2. Finding clues at the crime scene or from witnesses (For example an unknown set of fingerprints, a vague description by someone in the area, or a deliberate left note by the killer), or security-footage by a cam (Yes there a cams in the world which save up when people where passing through their field of vision for a day)
3. Connecting the information on a case-board. (And finally it allows for wrong conclusions)
Overall this is impressive technology, and i would love to have something similar made by a huge team with more complexity. That, sadly is my problem with the game.

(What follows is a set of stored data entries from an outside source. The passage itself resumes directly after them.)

lemma factorial_estimate_Suc_cusps:
  assumes est: "factorial_estimate g n k" and k: "k + 2 = n + 2 * g" "k \<ge> 1" and n: "n \<ge> 1"
  shows "factorial_estimate g (n + 1) (k + 1)"
proof -
  define c where "c = 3 * g + 3 * n - 3"
  define K :: nat where "K = fact (k - 1) * fact n * 2 ^ g * fact g"
  have poly: "n * ((2 * k + 3) * (2 * k + 2)) \<le> (n + 1) ^ 2 * (c + 3) * k"
  proof -
    have "2 * (n * ((2 * k + 3) * (2 * k + 2))) \<le> (n + 1) ^ 2 * (3 * k + 3 * n + 6) * k"
      using cusp_step_polynomial[OF n k(2)] .
    moreover have "3 * k + 3 * n + 6 = 2 * (c + 3)" using k n by (simp add: c_def)
    then have "(n + 1) ^ 2 * (3 * k + 3 * n + 6) * k = 2 * ((n + 1) ^ 2 * (c + 3) * k)"
      by (simp only: ac_simps)
    ultimately show ?thesis by linarith
  qed
  have "g ^ (3 * g) * c ^ n * K \<le> g ^ (3 * g) * (c + 3) ^ n * K"
    using power_mono[of c "c + 3" n] by simp
  note growth = mult_mono[OF poly this]
  have "fact (2 * (k + 1) + 1) = (2 * k + 3) * (2 * k + 2) * (fact (2 * k + 1) :: nat)"
    by (simp add: fact_Suc numeral_eq_Suc algebra_simps)
  also have "\<dots> \<le> (2 * k + 3) * (2 * k + 2) * (n * g ^ (3 * g) * c ^ n * K)"
    using est by (simp add: factorial_estimate_def surface_graph_bound_def c_def K_def mult.assoc)
  also have "\<dots> = n * ((2 * k + 3) * (2 * k + 2)) * (g ^ (3 * g) * c ^ n * K)"
    by (simp only: ac_simps)
  also have "\<dots> \<le> (n + 1) ^ 2 * (c + 3) * k * (g ^ (3 * g) * (c + 3) ^ n * K)"
    using growth by simp
  also have "\<dots> = surface_graph_bound g (n + 1) * fact (k + 1 - 1) * fact (n + 1) * 2 ^ g * fact g"
  proof -
    have "surface_graph_bound g (n + 1) = (n + 1) * g ^ (3 * g) * (c + 3) ^ (n + 1)"
      using n by (simp add: surface_graph_bound_def c_def)
    moreover have "fact (k + 1 - 1) = k * (fact (k - 1) :: nat)"
      using k(2) fact_reduce[of k, where 'a = nat] by simp
    moreover have "fact (n + 1) = (n + 1) * (fact n :: nat)" by simp
    ultimately show ?thesis
      by (simp only: K_def power_add power_one_right power2_eq_square) (simp only: ac_simps)
  qed
  finally show ?thesis unfolding factorial_estimate_def .
qed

While a great idea, the cases itself are either very easy to solve or nearly impossible unless you already lucked/worked you way into having the perp already fully profiled.
(For example if the job is "Find me this skinny, tall man with AB+ blood type and a income of 42.000 as a bookkeeper - Well, you better have all Businesses already "visited" and know all bookkeepers or it will be a LOOONG night)
But luckily you can have several cases on backburner and sometimes they pretty much solve themselves.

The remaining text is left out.